In Badr, the Fourth Circuit joined other federal courts across the country in holding that a government contractor violates the FCA if it submits a request for payment on a federally-funded contract and, in the process, withholds information about the contractor’s noncompliance with a “material” contractual requirement. Under this “implied certification” theory of claim falsity, there is no requirement that the contractor submit a false certification of compliance with the contractual term at issue, or otherwise include something false within its payment application. So long as the contractual provision that was violated by the contractor was “material,” and the contractor knew or recklessly disregarded the fact that it was submitting its payment application without disclosing the violation of a material contract term, the contractor can be held liable for damages and penalties under the FCA.

According to the Fourth Circuit, a material contract term is one where a contractor’s compliance or noncompliance with the term has “a natural tendency to influence, or [is] capable of influencing, the Government’s decision to pay.” The contract itself does not have to expressly state that a provision is material or that payment is conditioned upon compliance with the provision for the contract term to be “material.”

The Badr case involved a contract to provide security guards at an airbase in Iraq.
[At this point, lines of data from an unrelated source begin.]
lemma euler_tour_step:
  assumes L: "L \<ge> 2" and e: "e < L" and inv: "euler_invariant L e h"
    and nf: "\<not> found e h" and tour: "first_move h \<noteq> None" and p: "0 < p"
  obtains \<epsilon> where "\<epsilon> < L"
    and "\<And>A. euler L h A = return_pmf (if A \<epsilon> then Some \<epsilon> else None)"
    and "\<And>A. euler_potential p L e (h @ [(A, None)]) = euler_potential p L e h"
    and "\<And>A. euler_potential p L e (h @ [(A, Some \<epsilon>)]) = euler_potential p L e h - 1 / p"
    and "1 / p \<le> euler_potential p L e h"
proof -
  obtain e0 where e0: "first_move h = Some e0" using tour by blast
  define v where "v = pos L h"
  show ?thesis
  proof (cases "e0 = 0")
    case True
    with inv nf e0 have v: "1 \<le> v" "v \<le> e" by (auto simp: euler_invariant_def v_def)
    show ?thesis
    proof (rule that[of v])
      show "euler_potential p L e (h @ [(A, Some v)]) = euler_potential p L e h - 1 / p" for A
        using nf e0 True v e by (cases "v = e")
          (auto simp: euler_potential_def move_def v_def diff_divide_distrib[symmetric])
    qed (use e0 True v e nf p in \<open>auto simp: euler_on_tour Let_def euler_potential_def v_def
        intro!: divide_right_mono\<close>)
  next
    case False
    with inv nf e0 have v: "e < v" "v \<le> L - 1" by (auto simp: euler_invariant_def v_def)
    have pm: "(v + L - 1) mod L = v - 1" using pred_mod_cycle[of v L] v by simp
    show ?thesis
    proof (rule that[of "v - 1"])
      show "euler_potential p L e (h @ [(A, Some (v - 1))]) = euler_potential p L e h - 1 / p" for A
        using nf e0 False v by (cases "v - 1 = e")
          (auto simp: euler_potential_def move_def v_def of_nat_diff diff_divide_distrib[symmetric])
    qed (use e0 False pm v e nf p in \<open>auto simp: euler_on_tour Let_def euler_potential_def v_def
        intro!: divide_right_mono\<close>)
  qed
qed

lemma euler_potential_step_tour:
  assumes L: "L \<ge> 2" and p: "0 < p" "p \<le> 1" and e: "e < L" and inv: "euler_invariant L e h"
    and nf: "\<not> found e h" and tour: "first_move h \<noteq> None"
  shows "1 + (\<integral>\<^sup>+h'. ennreal (euler_potential p L e h') \<partial>next_hist p L (euler L) h)
       = ennreal (euler_potential p L e h)"
proof -
  obtain \<epsilon> where \<epsilon>: "\<epsilon> < L"
    and eu: "\<And>A. euler L h A = return_pmf (if A \<epsilon> then Some \<epsilon> else None)"
    and wait: "\<And>A. euler_potential p L e (h @ [(A, None)]) = euler_potential p L e h"
    and go: "\<And>A. euler_potential p L e (h @ [(A, Some \<epsilon>)]) = euler_potential p L e h - 1 / p"
    and ge: "1 / p \<le> euler_potential p L e h"
    using euler_tour_step[OF L e inv nf tour p(1)] by blast
  define \<Psi> where "\<Psi> = euler_potential p L e h"
  have "0 \<le> \<Psi> - 1 / p" using ge by (simp add: \<Psi>_def)
  have "1 \<le> \<Psi>" using ge p by (simp add: \<Psi>_def le_divide_eq_1_pos order_trans[rotated])
  have "(\<integral>\<^sup>+h'. ennreal (euler_potential p L e h') \<partial>next_hist p L (euler L) h)
      = (\<integral>\<^sup>+A. ennreal (if A \<epsilon> then \<Psi> - 1 / p else \<Psi>) \<partial>active_pmf p L)"
    by (simp add: nn_integral_bind_pmf eu) (intro nn_integral_cong, simp add: wait go \<Psi>_def)
  also have "\<dots> = ennreal ((\<Psi> - 1 / p) * p + \<Psi> * (1 - p))"
    using \<epsilon> p \<open>0 \<le> \<Psi> - 1 / p\<close> \<open>1 \<le> \<Psi>\<close>
    by (subst nn_integral_active_pmf_edge[where G = "\<lambda>b. if b then \<Psi> - 1 / p else \<Psi>"]) auto
  also have "(\<Psi> - 1 / p) * p + \<Psi> * (1 - p) = \<Psi> - 1"
    using p by (simp add: field_simps)
  finally show ?thesis using \<open>1 \<le> \<Psi>\<close> by (simp add: \<Psi>_def one_plus_ennreal)
qed

lemma nn_integral_euler_potential_root:
  assumes L: "L \<ge> 2" and p: "0 < p" "p \<le> 1" and e: "e < L" and root: "first_move h = None"
  shows "(\<integral>\<^sup>+h'. ennreal (euler_potential p L e h') \<partial>next_hist p L (euler L) h)
       = ennreal (search_value p L * (1 - p) * (1 - p) + (real L - 1) * (1 - p) + p * (real L - 1) / 2)"
proof -
  define V where "V = search_value p L"
  define G where "G b c = (if b \<and> c then (real e / p + (real L - 1 - real e) / p) / 2
      else if b then real e / p
      else if c then (real L - 1 - real e) / p else V)" for b c
  have V: "0 < V" using L p by (simp add: V_def search_value_pos)
  have G: "0 \<le> G b c" for b c using V e p by (auto simp: G_def)
  have half: "ennreal x / 2 = ennreal (x / 2)" if "0 \<le> x" for x
    using divide_ennreal[of x 2] that by simp
  have "(\<integral>\<^sup>+a. ennreal (euler_potential p L e (h @ [(A, a)])) \<partial>euler L h A)
      = ennreal (G (A 0) (A (L - 1)))" for A
  proof -
    have "(0::nat) \<noteq> L - 1" "move L 0 (Some 0) = 1" "move L 0 (Some (L - 1)) = L - 1"
      using L by (auto simp: move_def)
    then show ?thesis using L e p root
      by (auto simp: euler_at_root G_def V_def euler_potential_def first_move_None_pos
          first_move_None_not_found nn_integral_pmf_of_set of_nat_diff half
          ennreal_plus[symmetric] simp del: ennreal_plus)
  qed
  then have "(\<integral>\<^sup>+h'. ennreal (euler_potential p L e h') \<partial>next_hist p L (euler L) h)
      = (\<integral>\<^sup>+A. ennreal (G (A 0) (A (L - 1))) \<partial>active_pmf p L)"
    by (simp add: nn_integral_bind_pmf)
  also have "\<dots> = ennreal (G True True * p * p + G True False * p * (1 - p)
      + G False True * (1 - p) * p + G False False * (1 - p) * (1 - p))"
    using L p G by (intro nn_integral_active_pmf_edge_pair) auto
  also have "G True True * p * p + G True False * p * (1 - p)
      + G False True * (1 - p) * p + G False False * (1 - p) * (1 - p)
      = V * (1 - p) * (1 - p) + (real L - 1) * (1 - p) + p * (real L - 1) / 2"
    using p by (simp add: G_def field_simps)
  finally show ?thesis by (simp add: V_def)
qed

lemma euler_potential_step_root:
  assumes L: "L \<ge> 2" and p: "0 < p" "p \<le> 1" and e: "e < L" and root: "first_move h = None"
  shows "1 + (\<integral>\<^sup>+h'. ennreal (euler_potential p L e h') \<partial>next_hist p L (euler L) h)
       = ennreal (euler_potential p L e h)"
proof -
  define V where "V = search_value p L"
  have "0 < V" using L p by (simp add: V_def search_value_pos)
  have "1 + (\<integral>\<^sup>+h'. ennreal (euler_potential p L e h') \<partial>next_hist p L (euler L) h)
      = ennreal (1 + (V * (1 - p) * (1 - p) + (real L - 1) * (1 - p) + p * (real L - 1) / 2))"
    unfolding nn_integral_euler_potential_root[OF assms] V_def[symmetric]
    by (intro one_plus_ennreal add_nonneg_nonneg mult_nonneg_nonneg divide_nonneg_nonneg)
      (use \<open>0 < V\<close> p L in auto)
  also have "1 + (V * (1 - p) * (1 - p) + (real L - 1) * (1 - p) + p * (real L - 1) / 2) = V"
    using search_value_fixed_point[OF p, of L] by (simp add: V_def)
  finally show ?thesis using root by (simp add: euler_potential_def V_def first_move_None_not_found)
qed

lemma search_time_euler_le:
  assumes L: "L \<ge> 2" and p: "0 < p" "p \<le> 1" and e: "e < L"
  shows "search_time p L (euler L) e \<le> ennreal (search_value p L)"
proof -
  have "search_time p L (euler L) e
      = (\<Sum>t. \<integral>\<^sup>+h. indicator {h. \<not> found e h} h \<partial>hist p L (euler L) t)"
    by (simp add: search_time_def measure_pmf.emeasure_eq_measure)
  also have "\<dots> \<le> ennreal (euler_potential p L e [])"
  proof (rule suminf_hist_le_potential[where I = "euler_invariant L e"])
    show "euler_invariant L e []" by (simp add: euler_invariant_def)
    show "euler_invariant L e (h @ [(A, a)])"
      if "euler_invariant L e h" "a \<in> set_pmf (euler L h A)" for h A a
      using euler_invariant_append[OF L e that] .
    show "indicator {h. \<not> found e h} h
        + (\<integral>\<^sup>+h'. ennreal (euler_potential p L e h') \<partial>next_hist p L (euler L) h)
        \<le> ennreal (euler_potential p L e h)" if "euler_invariant L e h" for h
    proof (cases "found e h")
      case False
      then show ?thesis using euler_potential_step_root[OF L p e] euler_potential_step_tour[OF L p e that]
        by (cases "first_move h = None") simp_all
    qed (simp add: euler_potential_def)
  qed
  finally show ?thesis by (simp add: euler_potential_def)
qed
The contractor allegedly hired guards who did not meet a marksmanship requirement contained in the contract, and allegedly created false shooting scorecards to disguise the deficiency. The Fourth Circuit held that the marksmanship requirement was material because, in the court’s words, “common sense strongly suggests that the Government’s decision to pay a contractor for providing base security in an active combat zone would be influenced by knowledge that the guards could not, for lack of a better term, shoot straight.” The court also noted that the contractor’s alleged efforts to cover up the deficiency also suggested materiality.

The contractor in Badr argued that the Government failed to properly allege that the falsified scorecards were material because there was no allegation that the government official in charge of payment actually reviewed the scorecards. The Fourth Circuit rejected this argument, stating “the FCA reaches government contractors who employ false records that are capable of influencing a decision, not simply those who create records that actually do influence the decision.”

The Fourth Circuit’s holdings in Badr do not present new theories of FCA liability. Instead, the Fourth Circuit is following trends set by other federal courts across the country. Contractors on federally-funded projects must train employees to spot deficiencies in contract performance and report them to appropriate personnel within the company so that a decision can be made as to how to address those deficiencies before the contractor submits its next payment application.